_INSTRUCTIONS FOR THE TASK_: Please repeat the lines below exactly. Begin with the line containing "s) / L s) \<longlongrightarrow>" and go on through the line containing "by eventually_elim (simp add: field_simps)".

_GIVEN ENTRIES_:
(* Let $i\in\{1,\dots,N\}$, $k\ne y_i$, and $\delta>0$. If $u_i\le\log(1+e^{x_i^\top(w_k-w_{y_i})})-\delta$, then replacing $u_i$ by $\log(1+e^{x_i^\top(w_k-w_{y_i})})$ (keeping all other coordinates of $u$ and $W$ fixed) decreases $f(u,W)$ by at least $\delta^2/2$.
   Context: Data: $(y_i,x_i)$, $i=1,\dots,N$, $x_i\in\mathbb{R}^D$, $y_i\in\{1,\dots,K\}$, $K\ge 2$; $\mu\ge0$; $u\in\mathbb{R}^N$, $W=[w_1,\dots,w_K]\in\mathbb{R}^{D\times K}$ with Frobenius norm $\|W\|_2$; $$f(u,W)=\sum_{i=1}^N\Big[u_i+e^{-u_i}+\sum_{k\ne y_i}e^{x_i^\top(w_k-w_{y_i})-u_i}\Big]+\tfrac{\mu}{2}\|W\|_2^2.$$ *)

theory Defs
  imports "HOL-Analysis.Analysis"
begin

text \<open>Samples indexed by 1..N, classes by 1..K;
  x i :: real^'d, y i \<in> {1..K}, W k = w_k :: real^'d, u i :: real.
  The squared Frobenius norm of W = [w_1..w_K] is the sum of squared norms of its columns.\<close>
definition obj :: "nat \<Rightarrow> nat \<Rightarrow> (nat \<Rightarrow> real^'d) \<Rightarrow> (nat \<Rightarrow> nat) \<Rightarrow> real
    \<Rightarrow> (nat \<Rightarrow> real) \<Rightarrow> (nat \<Rightarrow> real^'d) \<Rightarrow> real" where
  "obj N K x y \<mu> u W =
     (\<Sum>i=1..N. u i + exp (- u i)
        + (\<Sum>k\<in>{1..K} - {y i}. exp (x i \<bullet> (W k - W (y i)) - u i)))
     + \<mu> / 2 * (\<Sum>k=1..K. (norm (W k))\<^sup>2)"

end

theory Submission
  imports Defs
begin

text \<open>For fixed W the objective is separable in u, and the i-th summand is
  v + c exp(-v) with c = 1 + sum over k ~= y i of exp(x_i^T (w_k - w_(y i))). Since
  c exp(-L) \<ge> 1 for L = log(1 + exp(x_i^T (w_k - w_(y i)))), raising v to L lowers the
  summand by at least exp t - 1 - t \<ge> t^2/2, where t = L - v \<ge> \<delta>.\<close>

lemma exp_shift_objective_decrease:
  fixes a c v \<delta> :: real
  assumes "a > 0" and "c \<ge> 1 + a" and "\<delta> \<ge> 0" and "v \<le> ln (1 + a) - \<delta>"
  shows "ln (1 + a) + c * exp (- ln (1 + a)) \<le> v + c * exp (- v) - \<delta>\<^sup>2 / 2"
proof -
  define L where "L = ln (1 + a)"
  define t where "t = L - v"
  have t_ge: "t \<ge> \<delta>" using assms(4) unfolding t_def L_def by simp
  have exp_L: "exp (- L) * (1 + a) = 1"
    using assms(1) by (simp add: L_def exp_minus)
  have exp_v: "exp (- v) = exp t * exp (- L)"
    by (simp add: t_def flip: exp_add)
  have "exp (- L) \<le> exp (- v)" using t_ge assms(3) unfolding t_def by simp
  then have "(exp (- v) - exp (- L)) * (1 + a) \<le> (exp (- v) - exp (- L)) * c"
    using assms(2) by (intro mult_left_mono) auto
  moreover have "(exp (- v) - exp (- L)) * (1 + a) = exp t - 1"
    using exp_v exp_L by (simp add: algebra_simps)
  moreover have "exp t \<ge> 1 + t + t\<^sup>2 / 2"
    using t_ge assms(3) by (intro exp_lower_Taylor_quadratic) simp
  moreover have "\<delta>\<^sup>2 \<le> t\<^sup>2" using t_ge assms(3) by (intro power_mono) auto
  ultimately show ?thesis unfolding L_def[symmetric] t_def by (simp add: algebra_simps)
qed

definition sample_loss :: "nat \<Rightarrow> (nat \<Rightarrow> real^'d) \<Rightarrow> (nat \<Rightarrow> nat) \<Rightarrow> (nat \<Rightarrow> real^'d)
    \<Rightarrow> nat \<Rightarrow> real \<Rightarrow> real" where
  "sample_loss K x y W j v =
     v + exp (- v) + (\<Sum>k\<in>{1..K} - {y j}. exp (x j \<bullet> (W k - W (y j)) - v))"

lemma obj_eq_sum_sample_loss:
  "obj N K x y \<mu> u W = (\<Sum>j=1..N. sample_loss K x y W j (u j)) + \<mu> / 2 * (\<Sum>k=1..K. (norm (W k))\<^sup>2)"
  unfolding obj_def sample_loss_def ..

lemma sample_loss_eq:
  "sample_loss K x y W j v = v + (1 + (\<Sum>k\<in>{1..K} - {y j}. exp (x j \<bullet> (W k - W (y j))))) * exp (- v)"
  by (simp add: sample_loss_def exp_diff exp_minus sum_distrib_left field_simps)

lemma obj_update_diff:
  assumes "i \<in> {1..N}"
  shows "obj N K x y \<mu> (u(i := v)) W - obj N K x y \<mu> u W
           = sample_loss K x y W i v - sample_loss K x y W i (u i)"
proof -
  have "(\<Sum>j=1..N. sample_loss K x y W j ((u(i := v)) j))
          = sample_loss K x y W i v + (\<Sum>j\<in>{1..N} - {i}. sample_loss K x y W j (u j))"
    using assms by (simp add: sum.remove[of _ i])
  moreover have "(\<Sum>j=1..N. sample_loss K x y W j (u j))
          = sample_loss K x y W i (u i) + (\<Sum>j\<in>{1..N} - {i}. sample_loss K x y W j (u j))"
    using assms by (simp add: sum.remove[of _ i])
  ultimately show ?thesis by (simp add: obj_eq_sum_sample_loss)
qed

theorem lemma5:
  fixes N K :: nat and x :: "nat \<Rightarrow> real^'d" and y :: "nat \<Rightarrow> nat"
    and \<mu> :: real and u :: "nat \<Rightarrow> real" and W :: "nat \<Rightarrow> real^'d"
    and i k :: nat and \<delta> :: real
  assumes "K \<ge> 2" and "\<mu> \<ge> 0"
    and "\<forall>j\<in>{1..N}. y j \<in> {1..K}"
    and "i \<in> {1..N}" and "k \<in> {1..K}" and "k \<noteq> y i"
    and "\<delta> > 0"
    and "u i \<le> ln (1 + exp (x i \<bullet> (W k - W (y i)))) - \<delta>"
  shows "obj N K x y \<mu> (u(i := ln (1 + exp (x i \<bullet> (W k - W (y i)))))) W
           \<le> obj N K x y \<mu> u W - \<delta>\<^sup>2 / 2"
proof -
  define a where "a = exp (x i \<bullet> (W k - W (y i)))"
  define S where "S = (\<Sum>j\<in>{1..K} - {y i}. exp (x i \<bullet> (W j - W (y i))))"
  have "a \<le> S"
    unfolding a_def S_def using assms(5,6) by (intro member_le_sum) auto
  then have "sample_loss K x y W i (ln (1 + a)) \<le> sample_loss K x y W i (u i) - \<delta>\<^sup>2 / 2"
    unfolding sample_loss_eq S_def[symmetric]
    using exp_shift_objective_decrease[of a "1 + S" \<delta> "u i"] assms(7,8)
    by (simp add: a_def)
  then show ?thesis
    using obj_update_diff[OF assms(4), of K x y \<mu> u "ln (1 + a)" W] by (simp add: a_def)
qed

end
text \<open>Each equation of a closed set, evaluated along the curve, is a polynomial in \<open>e\<close>; vanishing
  for all \<open>e \<in> E\<close>, it vanishes at \<open>e = 0\<close>.\<close>

lemma poly_curve_limit_in_zclosure:
  assumes E: "infinite E" and H: "\<And>e. e \<in> E \<Longrightarrow> \<phi> e \<in> H"
    and GG: "\<phi> 0 \<in> GG" and \<phi>: "poly_curve \<phi>"
  shows "\<phi> 0 \<in> zclosure H"
  unfolding zclosure_def
proof (intro InterI, clarify)
  fix F assume F: "zclosed F" "H \<subseteq> F"
  obtain N where N: "\<And>e. aut_deg (\<phi> e) \<le> N"
    using poly_curve_aut_deg_bounded[OF \<phi>] by blast
  obtain S where S: "\<forall>p\<in>S. polyfun p" "F \<inter> G_le N = {\<psi> \<in> G_le N. \<forall>p\<in>S. p (coords \<psi>) = 0}"
    using F(1) unfolding zclosed_def by blast
  have "p (coords (\<phi> 0)) = 0" if p: "p \<in> S" for p
  proof -
    obtain r where r: "(\<lambda>e. p (coords (\<phi> e))) = poly r"
      using polyfun_comp_poly[where X="\<lambda>e. coords (\<phi> e)", OF S(1)[rule_format, OF p]]
        poly_curve_coords[OF \<phi>] by blast
    have "poly r e = 0" if "e \<in> E" for e
    proof -
      have "\<phi> e \<in> F \<inter> G_le N"
        using H[OF that] F N[of e] zclosed_def unfolding G_le_def by auto
      then have "p (coords (\<phi> e)) = 0" using S(2) p by blast
      then show ?thesis using r by (metis)
    qed
    then have "E \<subseteq> {e. poly r e = 0}" by blast
    then have "r = 0"
      using E poly_roots_finite[of r] finite_subset by auto
    then show ?thesis using r by (simp add: fun_eq_iff)
  qed
  moreover have "\<phi> 0 \<in> G_le N" using GG N[of 0] unfolding G_le_def by simp
  ultimately show "\<phi> 0 \<in> F" using S(2) by blast
qed
(* Let $p>1$, $\alpha\in\mathbb{R}$, let $\psi_1$ and $h$ be as defined below. Then, as $s\to+\infty$: (i) $\displaystyle\frac{1}{\ln(\psi_1^2(s)+2)}=\frac{p-1}{2s}+\frac{\alpha(p-1)\ln s}{2s^2}+O\!\left(\frac1{s^2}\right)$; (ii) $\displaystyle h(s)=\frac1{p-1}\left[1-\frac{\alpha}{s}-\frac{\alpha^2\ln s}{s^2}\right]+O\!\left(\frac1{s^2}\right)$.
   Context: For $T>0$ let $\psi$ be the unique positive solution of $\psi'=\psi^p\ln^\alpha(\psi^2+2)$ with $\psi(t)\to+\infty$ as $t\to T$; set $\psi_1(s)=\psi(T-e^{-s})$ and $h(s)=e^{-s}\psi_1^{p-1}(s)\ln^\alpha(\psi_1^2(s)+2)$. *)

theory Defs
  imports "HOL-Analysis.Analysis" "HOL-Library.Landau_Symbols"
begin

definition rhs :: "real \<Rightarrow> real \<Rightarrow> real \<Rightarrow> real" where
  "rhs p \<alpha> u = u powr p * (ln (u\<^sup>2 + 2)) powr \<alpha>"

definition psi1 :: "(real \<Rightarrow> real) \<Rightarrow> real \<Rightarrow> real \<Rightarrow> real" where
  "psi1 \<psi> T s = \<psi> (T - exp (- s))"

definition hfun :: "(real \<Rightarrow> real) \<Rightarrow> real \<Rightarrow> real \<Rightarrow> real \<Rightarrow> real \<Rightarrow> real" where
  "hfun \<psi> T p \<alpha> s = exp (- s) * (psi1 \<psi> T s) powr (p - 1) * (ln ((psi1 \<psi> T s)\<^sup>2 + 2)) powr \<alpha>"

end

(*
  Write L(u) = lsq u = ln (u^2 + 2) and
  Phi(u) = u^(1-p) L(u)^(-alpha) (1 - 2 alpha / ((p - 1) L(u))) / (p - 1).
  Then Phi'(u) rhs(u) = -1 + O(1 / L(u)^2), so along the solution Phi(psi(t)) has derivative
  -1 + O(1 / L^2) and tends to 0 at the blow-up time; hence Phi(psi(t)) = (T - t) (1 + O(1 / L^2)).
  For t = T - e^(-s) this says q(s) = Phi(psi1(s)) e^s = 1 + O(1 / L^2).  Taking logarithms gives
  s = (p - 1)/2 L + alpha ln L + ln (p - 1) + o(1), which inverts to expansion (i) of 1 / L.
  Finally h(s) = e^(-s) psi1^(p-1) L^alpha = (1 - 2 alpha / ((p - 1) L)) / ((p - 1) q(s)),
  and substituting (i) gives (ii).
*)
theory Submission
  imports Defs "HOL-Real_Asymp.Real_Asymp"
begin

definition lsq :: "real \<Rightarrow> real" where "lsq u = ln (u\<^sup>2 + 2)"

text \<open>Phi u approximates the time a solution needs to climb from u to infinity.\<close>
definition Phi :: "real \<Rightarrow> real \<Rightarrow> real \<Rightarrow> real" where
  "Phi p a u = u powr (1 - p) * lsq u powr (- a) * (1 - 2 * a / ((p - 1) * lsq u)) / (p - 1)"

definition Phi_err :: "real \<Rightarrow> real \<Rightarrow> real \<Rightarrow> real" where
  "Phi_err p a u = (a / lsq u * (4 / (u\<^sup>2 + 2))
     + 2 * a * (a + 1) / (p - 1) * (2 - 4 / (u\<^sup>2 + 2)) / (lsq u)\<^sup>2) / (p - 1)"

lemma lsq_pos: "u \<noteq> 0 \<Longrightarrow> lsq u > 0"
  unfolding lsq_def by (simp add: add_pos_nonneg)

lemma rhs_pos: "u > 0 \<Longrightarrow> rhs p a u > 0"
  using lsq_pos[of u] by (simp add: rhs_def lsq_def)

lemma lsq_has_derivative: "(lsq has_real_derivative 2 * u / (u\<^sup>2 + 2)) (at u)"
  unfolding lsq_def[abs_def]
  by (auto intro!: derivative_eq_intros simp: add_nonneg_pos)

lemma Phi_has_derivative:
  assumes p: "p > 1" and u: "u > 0"
  shows "(Phi p a has_real_derivative (-1 + Phi_err p a u) / rhs p a u) (at u)"
proof -
  define L where "L = lsq u"
  define X where "X = u powr (1 - p) * L powr (- a)"
  define Y where "Y = ((1 - p) / u - 2 * a * u / ((u\<^sup>2 + 2) * L)) * (1 - 2 * a / ((p - 1) * L))
      + 4 * a * u / ((u\<^sup>2 + 2) * (p - 1) * L\<^sup>2)"
  have L: "L > 0" using lsq_pos u L_def by simp
  have powr_u: "u powr (- p) = u powr (1 - p) / u"
    using u by (simp add: powr_diff powr_minus_divide)
  have powr_L: "L powr (- a - 1) = L powr (- a) / L"
    using L by (simp add: powr_diff powr_minus_divide)
  have deriv: "(Phi p a has_real_derivative X * Y / (p - 1)) (at u)"
    unfolding Phi_def[abs_def] using u L p
    by (auto intro!: derivative_eq_intros lsq_has_derivative simp: L_def[symmetric])
      (simp add: X_def Y_def powr_u powr_L field_simps power2_eq_square)
  have "X * rhs p a u = (u powr (1 - p) * u powr p) * (L powr (- a) * L powr a)"
    by (simp add: X_def rhs_def L_def lsq_def mult_ac)
  also have "\<dots> = u"
    using u L by (simp add: powr_add[symmetric])
  finally have X: "X = u / rhs p a u"
    using u L by (simp add: rhs_def L_def lsq_def eq_divide_eq)
  have Y: "u * Y / (p - 1) = -1 + Phi_err p a u"
  proof -
    obtain q where q: "q > 0" "p = q + 1"
      using p by (intro that[of "p - 1"]) auto
    define D where "D = u\<^sup>2 + 2"
    have D: "D \<noteq> 0" "u * u = D - 2"
      by (simp_all add: D_def power2_eq_square add_nonneg_pos[THEN less_imp_neq, symmetric])
    show ?thesis
      using u L q D(1) unfolding Y_def Phi_err_def L_def[symmetric] D_def[symmetric]
      by (simp add: field_simps) (use D(2) in algebra)
  qed
  have "X * Y / (p - 1) = (-1 + Phi_err p a u) / rhs p a u"
    unfolding X Y[symmetric] by simp
  with deriv show ?thesis
    by simp
qed

lemma Phi_err_bigo: "p > 1 \<Longrightarrow> Phi_err p a \<in> O(\<lambda>u. 1 / (lsq u)\<^sup>2)"
  unfolding Phi_err_def[abs_def] lsq_def by real_asymp

lemma Phi_at_top: "p > 1 \<Longrightarrow> (Phi p a \<longlongrightarrow> 0) at_top"
  unfolding Phi_def[abs_def] lsq_def by real_asymp

lemma lsq_at_top: "filterlim lsq at_top at_top"
  unfolding lsq_def[abs_def] by real_asymp

lemma lsq_mono: "0 < u \<Longrightarrow> u \<le> v \<Longrightarrow> lsq u \<le> lsq v"
  unfolding lsq_def by (simp add: add_pos_nonneg power_mono)

lemma Phi_mult_weight:
  assumes "u > 0"
  shows "Phi p a u * (u powr (p - 1) * lsq u powr a) = (1 - 2 * a / ((p - 1) * lsq u)) / (p - 1)"
proof -
  have "Phi p a u * (u powr (p - 1) * lsq u powr a)
      = (u powr (1 - p) * u powr (p - 1)) * (lsq u powr (- a) * lsq u powr a)
        * (1 - 2 * a / ((p - 1) * lsq u)) / (p - 1)"
    by (simp add: Phi_def mult_ac)
  also have "\<dots> = (1 - 2 * a / ((p - 1) * lsq u)) / (p - 1)"
    using assms lsq_pos[of u] by (simp add: powr_add[symmetric])
  finally show ?thesis .
qed

lemma ln_Phi:
  assumes p: "p > 1" and u: "u > 0" and pos: "1 - 2 * a / ((p - 1) * lsq u) > 0"
  shows "ln (Phi p a u) = - (p - 1) / 2 * lsq u - a * ln (lsq u)
           + (p - 1) / 2 * ln (1 + 2 / u\<^sup>2) + ln (1 - 2 * a / ((p - 1) * lsq u)) - ln (p - 1)"
proof -
  have L: "lsq u > 0" using lsq_pos u by simp
  have "u\<^sup>2 + 2 = u\<^sup>2 * (1 + 2 / u\<^sup>2)"
    using u by (simp add: field_simps)
  then have "lsq u = ln (u\<^sup>2 * (1 + 2 / u\<^sup>2))"
    by (simp add: lsq_def)
  also have "\<dots> = 2 * ln u + ln (1 + 2 / u\<^sup>2)"
  proof -
    have "1 + 2 / u\<^sup>2 > 0"
      by (simp add: add_pos_nonneg)
    then show ?thesis
      using u by (simp add: ln_mult ln_realpow)
  qed
  finally have ln_u: "ln u = (lsq u - ln (1 + 2 / u\<^sup>2)) / 2" by simp
  have "ln (Phi p a u) = (1 - p) * ln u - a * ln (lsq u)
      + ln (1 - 2 * a / ((p - 1) * lsq u)) - ln (p - 1)"
    using p u L pos by (simp add: Phi_def ln_mult ln_div)
  then show ?thesis
    unfolding ln_u by (simp add: field_simps)
qed

lemma remaining_time_bound:
  fixes F e :: "real \<Rightarrow> real"
  assumes "t < T"
    and deriv: "\<And>x. t \<le> x \<Longrightarrow> x < T \<Longrightarrow> (F has_real_derivative -1 + e x) (at x)"
    and err: "\<And>x. t \<le> x \<Longrightarrow> x < T \<Longrightarrow> \<bar>e x\<bar> \<le> \<delta>"
    and lim: "(F \<longlongrightarrow> 0) (at_left T)"
  shows "\<bar>F t - (T - t)\<bar> \<le> \<delta> * (T - t)"
proof -
  have "\<bar>F t - F t' - (t' - t)\<bar> \<le> \<delta> * (t' - t)" if t': "t < t'" "t' < T" for t'
  proof -
    obtain z where z: "t < z" "z < t'" "F t' - F t = (t' - t) * (-1 + e z)"
      using MVT2[OF t'(1), of F "\<lambda>x. -1 + e x"] deriv t' by force
    then have "F t - F t' - (t' - t) = - ((t' - t) * e z)"
      by (simp add: algebra_simps)
    then have "\<bar>F t - F t' - (t' - t)\<bar> = (t' - t) * \<bar>e z\<bar>"
      using z t' by (simp add: abs_mult)
    also have "\<dots> \<le> (t' - t) * \<delta>"
      using z t' err[of z] by (intro mult_left_mono) auto
    finally show ?thesis by (simp add: mult.commute)
  qed
  then have "\<forall>\<^sub>F t' in at_left T. \<bar>F t - F t' - (t' - t)\<bar> \<le> \<delta> * (t' - t)"
    using eventually_at_left_real[OF \<open>t < T\<close>] by (rule eventually_mono[rotated]) auto
  moreover have "((\<lambda>t'. \<bar>F t - F t' - (t' - t)\<bar>) \<longlongrightarrow> \<bar>F t - 0 - (T - t)\<bar>) (at_left T)"
    by (intro tendsto_intros lim tendsto_ident_at)
  moreover have "((\<lambda>t'. \<delta> * (t' - t)) \<longlongrightarrow> \<delta> * (T - t)) (at_left T)"
    by (intro tendsto_intros tendsto_ident_at)
  ultimately show ?thesis
    by (intro tendsto_le[OF trivial_limit_at_left_real]) auto
qed

lemma tendsto_div_of_linear_log_relation:
  fixes L :: "real \<Rightarrow> real"
  assumes "c > 0" and L: "filterlim L at_top at_top"
    and rel: "((\<lambda>s. s - c * L s - a * ln (L s)) \<longlongrightarrow> \<rho>) at_top"
  shows "((\<lambda>s. s / L s) \<longlongrightarrow> c) at_top"
proof -
  have "((\<lambda>x::real. ln x / x) \<longlongrightarrow> 0) at_top" "((\<lambda>x::real. 1 / x) \<longlongrightarrow> 0) at_top"
    by real_asymp+
  then have "((\<lambda>s. ln (L s) / L s) \<longlongrightarrow> 0) at_top" "((\<lambda>s. 1 / L s) \<longlongrightarrow> 0) at_top"
    by (auto intro: filterlim_compose[OF _ L])
  then have "((\<lambda>s. c + a * (ln (L s) / L s) + (s - c * L s - a * ln (L s)) * (1 / L s))
      \<longlongrightarrow> c + a * 0 + \<rho> * 0) at_top"
    by (intro tendsto_intros rel)
  moreover have "\<forall>\<^sub>F s in at_top. L s > 0"
    using L unfolding filterlim_at_top_dense by blast
  then have "\<forall>\<^sub>F s in at_top. c + a * (ln (L s) / L s) + (s - c * L s - a * ln (L s)) * (1 / L s)
      = s / L s"
    by eventually_elim (simp add: field_simps)
  ultimately show ?thesis
    by (simp add: tendsto_cong)
qed

lemma linear_log_relation_with_ln_s:
  fixes L :: "real \<Rightarrow> real"
  assumes c: "c > 0" and L: "filterlim L at_top at_top"
    and rel: "((\<lambda>s. s - c * L s - a * ln (L s)) \<longlongrightarrow> \<rho>) at_top"
  shows "((\<lambda>s. s - c * L s - a * ln s) \<longlongrightarrow> \<rho> + a * ln (1 / c)) at_top"
proof -
  have "((\<lambda>s. L s / s) \<longlongrightarrow> 1 / c) at_top"
    using tendsto_inverse[OF tendsto_div_of_linear_log_relation[OF c L rel]] c
    by (simp add: inverse_eq_divide)
  then have "((\<lambda>s. ln (L s / s)) \<longlongrightarrow> ln (1 / c)) at_top"
    using c by (intro tendsto_ln) auto
  then have "((\<lambda>s. (s - c * L s - a * ln (L s)) + a * ln (L s / s))
      \<longlongrightarrow> \<rho> + a * ln (1 / c)) at_top"
    by (rule tendsto_add[OF rel tendsto_mult_left])
  moreover have "\<forall>\<^sub>F s in at_top. 0 < L s"
    using L unfolding filterlim_at_top_dense by blast
  then have "\<forall>\<^sub>F s in at_top. 0 < s \<and> 0 < L s"
    by (intro eventually_conj eventually_gt_at_top)
  then have "\<forall>\<^sub>F s in at_top. (s - c * L s - a * ln (L s)) + a * ln (L s / s) = s - c * L s - a * ln s"
    by eventually_elim (simp add: ln_div algebra_simps)
  ultimately show ?thesis
    by (simp add: tendsto_cong)
qed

_ANSWER AREA_:
  then have "((\<lambda>s. ln (L s) / L s) \<longlongrightarrow> 0) at_top" "((\<lambda>s. 1 / L s) \<longlongrightarrow> 0) at_top"
    by (auto intro: filterlim_compose[OF _ L])
  then have "((\<lambda>s. c + a * (ln (L s) / L s) + (s - c * L s - a * ln (L s)) * (1 / L s))
      \<longlongrightarrow> c + a * 0 + \<rho> * 0) at_top"
    by (intro tendsto_intros rel)
  moreover have "\<forall>\<^sub>F s in at_top. L s > 0"
    using L unfolding filterlim_at_top_dense by blast
  then have "\<forall>\<^sub>F s in at_top. c + a * (ln (L s) / L s) + (s - c * L s - a * ln (L s)) * (1 / L s)
      = s / L s"
    by eventually_elim (simp add: field_simps)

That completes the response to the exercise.